As Michael Ignatieff, a former leader of the loyal opposition in the House of Commons of Canada, said in a 2012 address at Stanford University:

"The opposition performs an adversarial function critical to democracy itself… Governments have no right to question the loyalty of those who oppose them. Adversaries remain citizens of the same state, common subjects of the same sovereign, servants of the same law."

==Commonwealth realms==
The notion of a loyal opposition exists in various Commonwealth realms, being therein termed formally as His (or Her) Majesty's Loyal Opposition and informally as the Official Opposition, with the head of the largest opposition party—normally that which holds the second largest number of seats—designated as the Leader of Her (or His) Majesty's Loyal Opposition. This tradition emerged in the oldest of the Commonwealth realms—the United Kingdom—during the 18th century.

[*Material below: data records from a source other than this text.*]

definition subsums_mod :: "'a multiset \<Rightarrow> 'a set" where
  "subsums_mod V = {sum_mset R + k | R k. R \<subseteq># V \<and> k \<in> K}"

lemma zero_sum_free_mod_add_mset: "zero_sum_free_mod (add_mset x V) \<Longrightarrow> zero_sum_free_mod V"
  unfolding zero_sum_free_mod_def by (meson subseteq_add_msetI)

lemma subsums_mod_empty: "subsums_mod {#} = K"
  unfolding subsums_mod_def by auto

lemma subsums_mod_add_mset:
  "subsums_mod (add_mset x V) = subsums_mod V \<union> (\<lambda>a. x + a) ` subsums_mod V"
proof (intro equalityI subsetI)
  fix a assume "a \<in> subsums_mod (add_mset x V)"
  then obtain R k where a: "a = sum_mset R + k" "R \<subseteq># add_mset x V" "k \<in> K"
    unfolding subsums_mod_def by blast
  from subseteq_add_mset_cases[OF a(2)]
  show "a \<in> subsums_mod V \<union> (\<lambda>a. x + a) ` subsums_mod V"
  proof (elim disjE exE conjE)
    assume "R \<subseteq># V"
    then show ?thesis using a unfolding subsums_mod_def by blast
  next
    fix R' assume "R = add_mset x R'" "R' \<subseteq># V"
    then have "a = x + (sum_mset R' + k)" by (simp add: a add.assoc)
    moreover have "sum_mset R' + k \<in> subsums_mod V"
      using \<open>R' \<subseteq># V\<close> a(3) unfolding subsums_mod_def by blast
    ultimately show ?thesis by blast
  qed
next
  fix a assume "a \<in> subsums_mod V \<union> (\<lambda>a. x + a) ` subsums_mod V"
  then show "a \<in> subsums_mod (add_mset x V)"
  proof
    assume "a \<in> subsums_mod V"
    then show ?thesis unfolding subsums_mod_def by (auto intro: subseteq_add_msetI)
  next
    assume "a \<in> (\<lambda>a. x + a) ` subsums_mod V"
    then obtain R k where "a = x + (sum_mset R + k)" "R \<subseteq># V" "k \<in> K"
      unfolding subsums_mod_def by blast
    then have "a = sum_mset (add_mset x R) + k" "add_mset x R \<subseteq># add_mset x V" "k \<in> K"
      by (simp_all add: add.assoc)
    then show ?thesis unfolding subsums_mod_def by blast
  qed
qed

text \<open>If two subsums meet, \<open>x\<close> together with the symmetric difference of the two
  subsequences has sum \<open>2\<sigma>(R\<^sub>1 - R\<^sub>2) + k\<^sub>1 - k\<^sub>2 \<in> K\<close>.\<close>

lemma subsums_mod_disjoint:
  assumes "zero_sum_free_mod (add_mset x V)"
  shows "subsums_mod V \<inter> (\<lambda>a. x + a) ` subsums_mod V = {}"
proof (rule ccontr)
  assume "subsums_mod V \<inter> (\<lambda>a. x + a) ` subsums_mod V \<noteq> {}"
  then obtain R1 k1 R2 k2 where eq: "sum_mset R1 + k1 = x + (sum_mset R2 + k2)"
    and R: "R1 \<subseteq># V" "R2 \<subseteq># V" and k: "k1 \<in> K" "k2 \<in> K"
    unfolding subsums_mod_def by blast
  define D1 where "D1 = R1 - R2"
  define D2 where "D2 = R2 - R1"
  have R1: "R1 = (R1 \<inter># R2) + D1" and R2: "R2 = (R1 \<inter># R2) + D2"
    unfolding D1_def D2_def by (rule multiset_eqI; simp)+
  have "D1 + D2 \<subseteq># V"
  proof -
    have "count (D1 + D2) y \<le> count V y" for y
      using mset_subset_eq_count[OF R(1), of y] mset_subset_eq_count[OF R(2), of y]
      by (simp add: D1_def D2_def)
    then show ?thesis by (simp add: subseteq_mset_def)
  qed
  then have sub: "add_mset x (D1 + D2) \<subseteq># add_mset x V" by simp
  from eq have "sum_mset D1 + k1 = x + (sum_mset D2 + k2)"
    by (subst (asm) R1, subst (asm) R2) (simp add: algebra_simps)
  then have "sum_mset (add_mset x (D1 + D2)) = (sum_mset D1 + sum_mset D1) + (k1 - k2)"
    by (simp add: algebra_simps)
  also have "\<dots> \<in> K" by (rule add_mem[OF double_mem diff_mem[OF k]])
  finally show False
    using assms[unfolded zero_sum_free_mod_def, rule_format, OF sub] by simp
qed

lemma finite_subsums_mod: "finite K \<Longrightarrow> finite (subsums_mod V)"
  by (induction V) (simp_all add: subsums_mod_empty subsums_mod_add_mset)

lemma card_subsums_mod:
  assumes "finite K" "zero_sum_free_mod V"
  shows "card (subsums_mod V) = 2 ^ size V * card K"
  using assms(2)
proof (induction V)
  case empty
  then show ?case by (simp add: subsums_mod_empty)
next
  case (add x V)
  have "card (subsums_mod (add_mset x V)) =
      card (subsums_mod V) + card ((\<lambda>a. x + a) ` subsums_mod V)"
    unfolding subsums_mod_add_mset
    using subsums_mod_disjoint[OF add.prems] finite_subsums_mod[OF assms(1)]
    by (simp add: card_Un_disjoint)
  also have "card ((\<lambda>a. x + a) ` subsums_mod V) = card (subsums_mod V)"
    by (rule card_image) (simp add: inj_on_def)
  finally show ?case using add zero_sum_free_mod_add_mset by simp
qed

lemma zero_sum_free_mod_size_bound:
  assumes "finite (UNIV :: 'a set)" "zero_sum_free_mod V"
  shows "2 ^ size V * card K \<le> card (UNIV :: 'a set)"
proof -
  have "card (subsums_mod V) \<le> card (UNIV :: 'a set)" by (rule card_mono[OF assms(1)]) simp
  then show ?thesis using card_subsums_mod[OF finite_subset[OF _ assms(1)] assms(2)] by simp
qed

end

definition three_atom_split :: "'a::ab_group_add multiset \<Rightarrow> 'a multiset \<Rightarrow> 'a multiset \<Rightarrow>
    'a multiset \<Rightarrow> 'a multiset \<Rightarrow> 'a multiset \<Rightarrow> 'a multiset \<Rightarrow> bool" where
  "three_atom_split U S1 S2 S3 T1 T2 T3 \<longleftrightarrow> atom U \<and>
     atom (S1 + neg_seq T1) \<and> atom (S2 + neg_seq T2) \<and> atom (S3 + neg_seq T3) \<and>
     S1 + S2 + S3 = U \<and> T1 + T2 + T3 = U"

lemma three_atom_split_rotate:
  "three_atom_split U S1 S2 S3 T1 T2 T3 \<Longrightarrow> three_atom_split U S2 S3 S1 T2 T3 T1"
  unfolding three_atom_split_def by (simp add: ac_simps)

lemma three_atom_split_swap:
  "three_atom_split U S1 S2 S3 T1 T2 T3 \<Longrightarrow> three_atom_split U S2 S1 S3 T2 T1 T3"
  unfolding three_atom_split_def by (simp add: ac_simps)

As a consequence of this parliamentary evolution, the sovereign's right to the throne became more concrete, seeing the opposition scrutinise government legislation and policies, rather than engage in disputes between competing candidates for the Crown, each supported by different religious and economic groups. Further, the acceptance of such a thing as a loyal opposition in Parliament factored into the development of a rigid party system in the United Kingdom; the separation of Members of Parliament's loyalty to the Crown from their opposition to the sovereign's ministers eliminated the idea that there could only be one "King's Party" and that to oppose it would be disloyal or even treasonous.

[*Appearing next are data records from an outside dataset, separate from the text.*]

(* Let $R$ be an s-unital ring and let $(P,Q,\psi)$ be an s-unital $R$-system. Suppose that $(S,T,\sigma,B)$ is a semi-full covariant representation of $(P,Q,\psi)$, that $(P,Q,\psi)$ satisfies Condition (FS), and that the ideal $I^{(k)}_{\psi,\sigma}$ of $B_0$ is s-unital for every $k\ge0$. Then $B$ is nearly epsilon-strongly $\mathbb{Z}$-graded.
   Context: Rings are associative, not necessarily unital; for additive subsets $X,Y$ of a ring, $XY$ is the additive subgroup generated by products $xy$. For rings $A,B$, an $A$-$B$-bimodule $M$ is s-unital if for every $x\in M$ there are $a\in A,b\in B$ with $ax=x=xb$. A ring $R$ is s-unital if it is s-unital as an $R$-$R$-bimodule; an ideal is s-unital if it is s-unital as a ring. A $\mathbb{Z}$-graded ring $B=\bigoplus_iB_i$ is nearly epsilon-strongly graded if each $B_i$ is an s-unital $B_iB_{-i}$-$B_{-i}B_i$-bimodule. An $R$-system is a triple $(P,Q,\psi)$ with $P,Q$ $R$-bimodules and $\psi:P\otimes_RQ\to R$ an $R$-bimodule homomorphism; it is s-unital if $R$ is s-unital and $P,Q$ are s-unital $R$-$R$-bimodules. Put $P^{\otimes0}=Q^{\otimes0}=R$, $\psi_0(r\otimes r')=rr'$, $\psi_1=\psi$, and for $n>1$: $Q^{\otimes n}=Q^{\otimes(n-1)}\otimes_RQ$, $P^{\otimes n}=P\otimes_RP^{\otimes(n-1)}$, $\psi_n((p_1\otimes p_2)\otimes(q_2\otimes q_1))=\psi(p_1\psi_{n-1}(p_2\otimes q_2)\otimes q_1)$. A covariant representation is a tuple $(S,T,\sigma,B)$ with $B$ a ring, $S:P\to B$, $T:Q\to B$ additive maps, $\sigma:R\to B$ a ring homomorphism, with $S(pr)=S(p)\sigma(r)$, $S(rp)=\sigma(r)S(p)$, $T(qr)=T(q)\sigma(r)$, $T(rq)=\sigma(r)T(q)$, $\sigma(\psi(p\otimes q))=S(p)T(q)$. It is graded if $B$ is generated as a ring by $\sigma(R)\cup S(P)\cup T(Q)$ and $B$ carries a $\mathbb{Z}$-grading with $\sigma(R)\subseteq B_0$, $T(Q)\subseteq B_1$, $S(P)\subseteq B_{-1}$. For a graded covariant representation and $k\ge0$, $I^{(k)}_{\psi,\sigma}$ is the ideal of $B_0$ generated by $\{\sigma(\psi_k(p\otimes q)):p\in P^{\otimes k},q\in Q^{\otimes k}\}$; the (graded) representation is semi-full if $B_{-k}B_k=I^{(k)}_{\psi,\sigma}$ for all $k\ge0$. For $q\in Q,p\in P$ let $\theta_{q,p}(x)=q\psi(p\otimes x)$ ($x\in Q$) and $\theta_{p,q}(y)=\psi(y\otimes q)p$ ($y\in P$); $\mathcal{F}_P(Q)$, $\mathcal{F}_Q(P)$ are the additive groups generated by these maps. Condition (FS): for all finite sets $\{q_i\}\subseteq Q$, $\{p_j\}\subseteq P$ there are $\Theta\in\mathcal{F}_P(Q)$, $\Phi\in\mathcal{F}_Q(P)$ with $\Theta(q_i)=q_i$, $\Phi(p_j)=p_j$. *)

theory Defs
  imports Main
begin

(* Rings: Isabelle's type class ring is associative and NOT necessarily unital. *)

inductive_set addgen :: "'a::ab_group_add set \<Rightarrow> 'a set" for X where
  gen: "x \<in> X \<Longrightarrow> x \<in> addgen X"
| zero: "0 \<in> addgen X"
| add: "x \<in> addgen X \<Longrightarrow> y \<in> addgen X \<Longrightarrow> x + y \<in> addgen X"
| neg: "x \<in> addgen X \<Longrightarrow> - x \<in> addgen X"

inductive_set fungen :: "('a \<Rightarrow> 'a::ab_group_add) set \<Rightarrow> ('a \<Rightarrow> 'a) set" for G where
  gen: "f \<in> G \<Longrightarrow> f \<in> fungen G"
| zero: "(\<lambda>x. 0) \<in> fungen G"
| add: "f \<in> fungen G \<Longrightarrow> g \<in> fungen G \<Longrightarrow> (\<lambda>x. f x + g x) \<in> fungen G"
| neg: "f \<in> fungen G \<Longrightarrow> (\<lambda>x. - f x) \<in> fungen G"

definition setmul :: "'a::ring set \<Rightarrow> 'a set \<Rightarrow> 'a set" where
  "setmul X Y = addgen {x * y | x y. x \<in> X \<and> y \<in> Y}"

inductive_set subring_gen :: "'a::ring set \<Rightarrow> 'a set" for X where
  gen: "x \<in> X \<Longrightarrow> x \<in> subring_gen X"
| zero: "0 \<in> subring_gen X"
| add: "x \<in> subring_gen X \<Longrightarrow> y \<in> subring_gen X \<Longrightarrow> x + y \<in> subring_gen X"
| neg: "x \<in> subring_gen X \<Longrightarrow> - x \<in> subring_gen X"
| mul: "x \<in> subring_gen X \<Longrightarrow> y \<in> subring_gen X \<Longrightarrow> x * y \<in> subring_gen X"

The concept of a loyal parliamentary opposition came to be rooted in the other countries due to their being former British colonies, to which British parliamentary institutions were transported. Thus, the phrase His Majesty's Loyal Opposition existed in some Commonwealth realms even before the title of prime minister. Also, in federal countries, such as Canada and Australia, the phrase His Majesty's Loyal Opposition is also employed in provincial or state legislatures, in the same fashion as in other parliaments.

==See also==
- Controlled opposition
- Opposition (politics)
- His Majesty's Government (term)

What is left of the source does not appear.